Introducing Rigid Groups into the PAEK Polymer Chain

Introducing rigid and heat-resistant structural units such as biphenyl, naphthalene, anthracene, and aromatic heterocycles into the PAEK polymer chain can enhance the heat resistance of PAEK. Generally, the higher the aromatic content in PAEK, the better the heat resistance of the resin. M. Ohno et al. synthesized PEK with both naphthalene rings and alkyl groups in the main chain via nucleophilic reactions. These PEK polymers exhibited high Tg and good solubility.

Introducing Side Groups into the PAEK Polymer Chain

Introducing side groups such as phenolphthalein, alkyl groups, and halogen atoms into the PAEK polymer chain can reduce the regularity of the molecular chain, lower the melting temperature and crystallinity of PAEK, significantly improve the solubility, and allow for processing techniques such as coating and extrusion, or functionalization of PAEK. Liu Baijun et al. synthesized fluorinated PAEK with low dielectric constant, low refractive index, and low water absorption. It also improved thermal stability, solubility, and flame retardancy while increasing transparency.

PAEK Copolymerization and Blending Modification

Copolymerization plays a significant role in modifying PAEK, and there have been many studies in this area. Cai Mingzhong et al. synthesized a series of PEKEKK/random copolymers containing naphthalene rings through low-temperature solution copolycondensation reactions. The copolymers exhibited higher Tg than pure PEKEKK, while the melting temperature and crystallinity gradually decreased with increasing content of naphthalene ring units in the copolymers. The copolymers showed excellent heat resistance and corrosion resistance.

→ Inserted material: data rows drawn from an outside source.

lemma wt_lincomb_in_nonzero_weights:
  "S \<subseteq> {1..K} \<Longrightarrow> S \<noteq> {} \<Longrightarrow> wt (lincomb r S) \<in> nonzero_weights C"
  unfolding nonzero_weights_def using C_eq_image lincomb_nonzero by blast

lemma finite_nonzero_weights: "finite (nonzero_weights C)"
  unfolding nonzero_weights_def using C_eq_image by simp

lemma min_wt_in_nonzero_weights: "min_wt C \<in> nonzero_weights C"
  and max_wt_in_nonzero_weights: "max_wt C \<in> nonzero_weights C"
proof -
  have "{2} \<subseteq> {1..K}"
    using two_le_dim by simp
  then have "nonzero_weights C \<noteq> {}"
    using wt_lincomb_in_nonzero_weights by blast
  then show "min_wt C \<in> nonzero_weights C" "max_wt C \<in> nonzero_weights C"
    unfolding min_wt_def max_wt_def using finite_nonzero_weights by simp_all
qed

lemma nonzero_weights_bounds:
  assumes "w \<in> nonzero_weights C"
  shows "min_wt C \<le> w" "w \<le> max_wt C"
  using assms finite_nonzero_weights unfolding min_wt_def max_wt_def by simp_all

lemma ext_code_eq_span: "C' = span_of K ext_gen"
  unfolding ext_code_def Let_def ext_gen_def
  by (rule arg_cong[of _ _ "span_of K"]) (simp add: fun_eq_iff)

lemma lincomb_ext_gen: "S \<subseteq> {1..K} \<Longrightarrow> lincomb ext_gen S = ext_word S"
  unfolding ext_gen_def ext_word_def lincomb_concat_vec
  by (subst lincomb_single_support) (auto intro: finite_subset)

lemma ext_code_eq_image: "C' = ext_word ` Pow {1..K}"
  unfolding ext_code_eq_span span_of_eq_image by (auto simp: lincomb_ext_gen)

lemma ext_word_in_ext_code: "S \<subseteq> {1..K} \<Longrightarrow> ext_word S \<in> C'"
  unfolding ext_code_eq_image by blast

lemma ext_word_empty [simp]: "ext_word {} = zvec"
  by (simp add: ext_word_def concat_vec_def zvec_def)

lemma ext_word_shift: "ext_word S (j + n') = lincomb r S j"
  by (simp add: ext_word_def)

lemma ext_word_0: "ext_word S 0 = (if 1 \<in> S then 1 else 0)"
proof -
  have "0 < n'"
    using max_wt_less by simp
  then show ?thesis
    unfolding ext_word_def concat_vec_def ones_def zvec_def by simp
qed

lemma ext_word_nonzero:
  assumes "S \<subseteq> {1..K}" "S \<noteq> {}"
  shows "ext_word S \<noteq> zvec"
proof
  assume "ext_word S = zvec"
  then have "lincomb r S = zvec"
    unfolding fun_eq_iff by (metis ext_word_shift zvec_def)
  with assms lincomb_nonzero show False
    by blast
qed

lemma wt_ext_word:
  assumes "S \<subseteq> {1..K}"
  shows "wt (ext_word S) = (if 1 \<in> S then n' else 0) + wt (lincomb r S)"
proof -
  have "lincomb r S \<in> vecs N"
    using assms code C_eq_image unfolding binary_linear_code_def by blast
  then show ?thesis
    unfolding ext_word_def
    by (cases "1 \<in> S") (simp_all only: if_True if_False wt_concat_vec_ones wt_concat_vec_zvec
        finite_supp_vecs add_0)
qed

lemma ext_binary_linear_code: "binary_linear_code (n' + N) C'"
proof -
  have "r i \<in> vecs N" if "i \<in> {1..K}" for i
    using that basis code unfolding is_basis_def binary_linear_code_def by blast
  then show ?thesis
    unfolding ext_code_eq_span ext_gen_def by (intro binary_linear_code_span concat_vec_in_vecs)
qed

lemma ext_code_dim: "code_dim C' K"
proof -
  have "lin_indep K ext_gen"
    unfolding lin_indep_iff_lincomb using ext_word_nonzero by (auto simp: lincomb_ext_gen)
  then show ?thesis
    unfolding code_dim_def ext_code_eq_span by (blast intro: is_basis_span)
qed

lemma ext_nonzero_weight_cases:
  assumes "x \<in> C'" "x \<noteq> zvec"
  obtains "x 0 = 0" "wt x \<in> nonzero_weights C"
    | w where "x 0 = 1" "w \<in> nonzero_weights C" "wt x = n' + w"
proof -
  obtain S where S: "S \<subseteq> {1..K}" "x = ext_word S"
    using assms(1) unfolding ext_code_eq_image by blast
  with assms(2) have "wt (lincomb r S) \<in> nonzero_weights C"
    by (intro wt_lincomb_in_nonzero_weights) auto
  with S that show thesis
    by (cases "1 \<in> S") (simp_all add: ext_word_0 wt_ext_word)
qed

lemma ext_nonzero_weights:
  "nonzero_weights C' \<subseteq> nonzero_weights C \<union> (+) n' ` nonzero_weights C"
  unfolding nonzero_weights_def[of C']
  by (auto elim!: ext_nonzero_weight_cases)

lemma ext_self_orthogonal_if_doubly_even:
  assumes doubly_even: "\<forall>w \<in> nonzero_weights C. 4 dvd w"
  shows "self_orthogonal (n' + N) C'"
proof (rule self_orthogonal_if_doubly_even[OF ext_binary_linear_code])
  have "4 dvd n'"
    using doubly_even min_wt_in_nonzero_weights max_wt_in_nonzero_weights
    by (simp add: dvd_diff_nat)
  then show "\<forall>w \<in> nonzero_weights C'. 4 dvd w"
    using doubly_even ext_nonzero_weights by auto
qed

lemma ext_wt_bounds:
  assumes "x \<in> C'" "x \<noteq> zvec"
  shows "min_wt C \<le> wt x" "wt x \<le> 2 * min_wt C"
  using assms max_wt_less
  by (cases rule: ext_nonzero_weight_cases; fastforce dest: nonzero_weights_bounds)+

lemma ext_head_0_if_wt_eq_min_wt:
  assumes "x \<in> C'" "x \<noteq> zvec" "wt x = min_wt C"
  shows "x 0 = 0"
  using assms(1,2)
proof (cases rule: ext_nonzero_weight_cases)
  case (2 w)
  with assms(3) nonzero_weights_bounds(1)[of w] max_wt_less show ?thesis
    by arith
qed

lemma ext_head_1_if_wt_eq_twice_min_wt:
  assumes "x \<in> C'" "x \<noteq> zvec" "wt x = 2 * min_wt C"
  shows "x 0 = 1"
  using assms(1,2)
proof (cases rule: ext_nonzero_weight_cases)
  case 1
  with assms(3) nonzero_weights_bounds(2)[of "wt x"] max_wt_less show ?thesis
    by arith
qed

lemma wt_ext_word_1: "wt (ext_word {1}) = 2 * min_wt C"
proof -
  have "wt (ext_word {1}) = n' + wt (r 1)"
    using wt_ext_word[of "{1}"] two_le_dim by simp
  with wt_r1 max_wt_less show ?thesis
    by arith
qed

lemma wt_ext_word_2: "wt (ext_word {2}) = min_wt C"
  using wt_ext_word[of "{2}"] wt_r2 two_le_dim by simp

lemma ext_singleton_weights: "{min_wt C, 2 * min_wt C} \<subseteq> nonzero_weights C'"
proof -
  have "{1} \<subseteq> {1..K}" "{2} \<subseteq> {1..K}"
    using two_le_dim by auto
  then have "ext_word {1} \<in> C'" "ext_word {1} \<noteq> zvec" "ext_word {2} \<in> C'" "ext_word {2} \<noteq> zvec"
    by (simp_all only: ext_word_in_ext_code ext_word_nonzero insert_not_empty not_False_eq_True)
  then have "wt (ext_word {1}) \<in> nonzero_weights C'" "wt (ext_word {2}) \<in> nonzero_weights C'"
    unfolding nonzero_weights_def by blast+
  then show ?thesis
    unfolding wt_ext_word_1 wt_ext_word_2 by simp
qed

lemma ext_min_wt: "min_wt C' = min_wt C"
  and ext_max_wt: "max_wt C' = 2 * min_wt C"
proof -
  have "finite (nonzero_weights C')"
    using ext_nonzero_weights finite_nonzero_weights finite_subset by blast
  moreover have "min_wt C \<le> w" "w \<le> 2 * min_wt C" if "w \<in> nonzero_weights C'" for w
    using that ext_wt_bounds unfolding nonzero_weights_def by auto
  ultimately show "min_wt C' = min_wt C" "max_wt C' = 2 * min_wt C"
    unfolding min_wt_def[of C'] max_wt_def[of C'] using ext_singleton_weights
    by (simp_all add: Min_eqI Max_eqI)
qed

lemma ext_min_distance: "min_distance C' = min_wt C"
  using min_distance_eq_min_wt[OF ext_binary_linear_code] ext_min_wt by simp

lemma ext_not_ashikhmin_barg: "\<not> ashikhmin_barg C'"
  unfolding ashikhmin_barg_def ext_min_wt ext_max_wt by (cases "min_wt C = 0") simp_all

lemma ext_minimal_code: "minimal_code C'"
  unfolding minimal_code_def
proof (intro ballI impI)
  fix x y assume x: "x \<in> C'" "x \<noteq> zvec" and y: "y \<in> C'" "y \<noteq> zvec"
    and supp_le: "supp x \<subseteq> supp y"
  show "x = y"
  proof (rule ccontr)
    assume "x \<noteq> y"
    define z where "z = vadd x y"
    have z: "z \<in> C'" "z \<noteq> zvec"
      using ext_binary_linear_code x y \<open>x \<noteq> y\<close>
      unfolding z_def binary_linear_code_def vadd_eq_zvec_iff by auto
    have "finite (supp x)" "finite (supp y)"
      using ext_binary_linear_code x(1) y(1) unfolding binary_linear_code_def
      by (auto intro: finite_supp_vecs)
    then have "wt z + 2 * wt x = wt x + wt y"
      using wt_vadd[of x y] supp_le unfolding z_def wt_def by (simp add: Int_absorb2)
    then have wts: "wt x = min_wt C" "wt z = min_wt C" "wt y = 2 * min_wt C"
      using ext_wt_bounds[OF x] ext_wt_bounds[OF y] ext_wt_bounds[OF z] by linarith+
    have "x 0 = 0" "z 0 = 0" "y 0 = 1"
      using ext_head_0_if_wt_eq_min_wt[OF x] ext_head_0_if_wt_eq_min_wt[OF z]
        ext_head_1_if_wt_eq_twice_min_wt[OF y] wts by simp_all
    then show False
      by (simp add: z_def vadd_def)
  qed
qed

end

theorem proposition5p4:
  fixes m :: nat and C :: "bvec set" and r :: "nat \<Rightarrow> bvec"
  assumes "m \<ge> 3"
    and "binary_linear_code (2^(2*m-3) + 2^(m-2) - 1) C"
    and "code_dim C (2*m-2)"
    and "nonzero_weights C = {2^(2*m-4), 2^(2*m-4) + 2^(m-2)}"
    and "is_basis C (2*m-2) r"
    and "wt (r 1) = max_wt C"
    and "wt (r 2) = min_wt C"
  shows "binary_linear_code (3 * 2^(2*m-4) - 1) (ext_code C (2*m-2) r)
       \<and> code_dim (ext_code C (2*m-2) r) (2*m-2)
       \<and> min_distance (ext_code C (2*m-2) r) = 2^(2*m-4)
       \<and> minimal_code (ext_code C (2*m-2) r)
       \<and> max_wt (ext_code C (2*m-2) r) = 2^(2*m-3)
       \<and> \<not> ashikhmin_barg (ext_code C (2*m-2) r)
       \<and> (m \<ge> 4 \<longrightarrow> self_orthogonal (3 * 2^(2*m-4) - 1) (ext_code C (2*m-2) r))"
proof -
  define A d :: nat where "A = 2^(2*m-4)" and "d = 2^(m-2)"
  have "d < A"
    unfolding A_def d_def using \<open>m \<ge> 3\<close> by (intro power_strict_increasing) auto
  have "2*m-3 = Suc (2*m-4)"
    using \<open>m \<ge> 3\<close> by simp
  then have twice_A: "2^(2*m-3) = 2 * A"
    unfolding A_def by (simp only: power_Suc)
  have weights_C: "nonzero_weights C = {A, A + d}"
    using assms(4) unfolding A_def d_def .
  then have min_C: "min_wt C = A" and max_C: "max_wt C = A + d"
    unfolding min_wt_def max_wt_def using \<open>d < A\<close> by simp_all
  interpret extension_construction "2^(2*m-3) + 2^(m-2) - 1" "2*m-2" C r
    using assms(2,5-7) min_C max_C \<open>d < A\<close> \<open>m \<ge> 3\<close> by unfold_locales simp_all
  have length: "n' + (2^(2*m-3) + 2^(m-2) - 1) = 3 * 2^(2*m-4) - 1"
    unfolding min_C max_C twice_A A_def[symmetric] d_def[symmetric] using \<open>d < A\<close> by simp
  have "\<forall>w \<in> nonzero_weights C. 4 dvd w" if "m \<ge> 4"
    using le_imp_power_dvd[of 2 "m-2" "2::nat"] le_imp_power_dvd[of 2 "2*m-4" "2::nat"] that
    unfolding weights_C A_def d_def by simp
  moreover note ext_binary_linear_code ext_self_orthogonal_if_doubly_even
  moreover have "min_distance C' = 2^(2*m-4)" "max_wt C' = 2^(2*m-3)"
    unfolding ext_min_distance ext_max_wt min_C twice_A A_def by (rule refl)+
  ultimately show ?thesis
    using ext_code_dim ext_minimal_code ext_not_ashikhmin_barg unfolding length by blast
qed

end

Blending modification is also an effective approach to obtain blends with excellent properties by combining two different polymers. In recent years, successful blending modifications have been achieved by blending PEK resins with polyether sulfone, polyarylates, polyphenylene sulfide, and other high-performance resins.

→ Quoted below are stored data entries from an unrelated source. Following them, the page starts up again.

text \<open>
  Eigenvalues are indexed from 0, so \<open>lam e n\<close> is the first eigenvalue of \<open>A\<^sub>\<epsilon>\<close> beyond the
  \<open>n\<close> that converge to the spectrum of \<open>A\<^sub>0\<close>.

  Every point \<open>a\<close> of the attractor is close to its projection onto the first \<open>n\<close> modes.
  By invariance, for each \<open>t \<ge> 0\<close> we have \<open>a = u t\<close> for a mild solution \<open>u\<close> starting in the
  bounded attractor. In the variation of constants formula the initial datum contributes at most
  \<open>exp (- lam n * t)\<close> times its norm to the high modes, while the bounded nonlinearity
  contributes, summed over the dyadic blocks \<open>2\<^sup>k lam n \<le> lam j < 2\<^sup>k\<^sup>+\<^sup>1 lam n\<close>, at most a
  constant times \<open>lam n powr (alpha - 1)\<close>. Letting \<open>t \<rightarrow> \<infinity>\<close> bounds the high-mode part of \<open>a\<close> by
  \<open>C * lam n powr (alpha - 1)\<close>.

  On the other hand \<open>lam n powr (alpha - 1) \<le> tau e\<close>: since \<open>dim X\<^sub>0 = n\<close>, some nonzero \<open>w\<close> in the
  span of the first \<open>n + 1\<close> eigenvectors has \<open>M\<^sub>\<epsilon> w = 0\<close>, so the resolvent estimate gives
  \<open>\<parallel>A\<^sub>\<epsilon>\<^sup>-\<^sup>1 w\<parallel>\<^sub>\<alpha> \<le> tau e * \<parallel>w\<parallel>\<close>, whereas the spectral expansion gives
  \<open>\<parallel>A\<^sub>\<epsilon>\<^sup>-\<^sup>1 w\<parallel>\<^sub>\<alpha> \<ge> lam n powr (alpha - 1) * \<parallel>w\<parallel>\<close>. Replacing the attractor by its projection
  thus moves the Hausdorff distance by at most \<open>C * tau e\<close>.
\<close>

locale orthonormal_seq =
  fixes p :: "nat \<Rightarrow> 'b::real_inner"
  assumes inner_p: "p i \<bullet> p j = (if i = j then 1 else 0)"
begin

lemma inner_sum_p:
  assumes "finite F"
  shows "(\<Sum>j\<in>F. c j *\<^sub>R p j) \<bullet> p k = (if k \<in> F then c k else 0)"
proof -
  have "(\<Sum>j\<in>F. c j *\<^sub>R p j) \<bullet> p k = (\<Sum>j\<in>F. if j = k then c k else 0)"
    unfolding inner_sum_left by (intro sum.cong) (auto simp: inner_p)
  then show ?thesis
    using assms by simp
qed

lemma norm_sum_p_sq:
  assumes "finite F"
  shows "(norm (\<Sum>j\<in>F. c j *\<^sub>R p j))\<^sup>2 = (\<Sum>j\<in>F. (c j)\<^sup>2)"
proof -
  let ?y = "\<Sum>j\<in>F. c j *\<^sub>R p j"
  have "(norm ?y)\<^sup>2 = (\<Sum>j\<in>F. c j * (?y \<bullet> p j))"
    by (simp add: power2_norm_eq_inner inner_sum_left inner_commute)
  also have "\<dots> = (\<Sum>j\<in>F. (c j)\<^sup>2)"
    using assms by (intro sum.cong) (auto simp: inner_sum_p power2_eq_square)
  finally show ?thesis .
qed

lemma bessel_inequality:
  assumes "finite F"
  shows "(\<Sum>j\<in>F. (x \<bullet> p j)\<^sup>2) \<le> (norm x)\<^sup>2"
proof -
  let ?y = "\<Sum>j\<in>F. (x \<bullet> p j) *\<^sub>R p j"
  have xy: "x \<bullet> ?y = (\<Sum>j\<in>F. (x \<bullet> p j)\<^sup>2)"
    by (simp add: inner_sum_right power2_eq_square)
  have yy: "?y \<bullet> ?y = (\<Sum>j\<in>F. (x \<bullet> p j)\<^sup>2)"
    using norm_sum_p_sq[OF assms, of "\<lambda>j. x \<bullet> p j"] by (simp add: power2_norm_eq_inner)
  have "0 \<le> (x - ?y) \<bullet> (x - ?y)" by simp
  also have "\<dots> = x \<bullet> x - 2 * (x \<bullet> ?y) + ?y \<bullet> ?y"
    by (simp add: algebra_simps inner_commute)
  finally show ?thesis
    using xy yy by (simp add: power2_norm_eq_inner)
qed

lemma summable_inner_p_sq: "summable (\<lambda>j. (x \<bullet> p j)\<^sup>2)"
  using bessel_inequality by (intro summableI_nonneg_bounded) auto

lemma inner_proj_first: "proj_first p n u \<bullet> p j = (if j < n then u \<bullet> p j else 0)"
  unfolding proj_first_def by (simp add: inner_sum_p)

end

lemma orthonormal_basis_seq_imp_orthonormal_seq:
  "orthonormal_basis_seq p \<Longrightarrow> orthonormal_seq p"
  by (simp add: orthonormal_basis_seq_def orthonormal_seq_def)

Applications of PAEK Aerospace Industry

As one of the first thermoplastic materials to be used in the aerospace industry, PAEK has become an indispensable part of aerospace materials. The most widely used is PEEK, which is employed for manufacturing internal components of aircraft due to its excellent flame retardancy, low smoke and toxic gas emissions during combustion. Additionally, PEEK is used to make battery casings, bolts, nuts, and internal parts of rocket engines.

Industrial Sector

In the automotive manufacturing industry, PAEK can replace stainless steel and titanium for manufacturing engine covers. Various components such as bearings, gaskets, seals, and clutch gears made from PAEK are widely used in the transmission, braking, and air conditioning systems of automobiles. PAEK is also utilized in the production of wire cables, coil frames, electronic insulation films, and various connectors, which have been successfully applied in nuclear power plants.

Medical Field

PAEK's high temperature resistance makes it suitable for manufacturing sterilization equipment components. It is also used in surgical and dental devices that require high performance and repeated use. Furthermore, PAEK's non-toxicity, lightweight, and corrosion resistance make it valuable for organic integration with the human body, serving as a substitute for metallic materials in the manufacturing of human bones. Its application in the medical field has significant implications.

PAEK has wide-ranging applications in other fields as well. With the development of technologies such as 3D printing and carbon fiber reinforcement, new techniques and fields are expected to demand higher requirements for PAEK.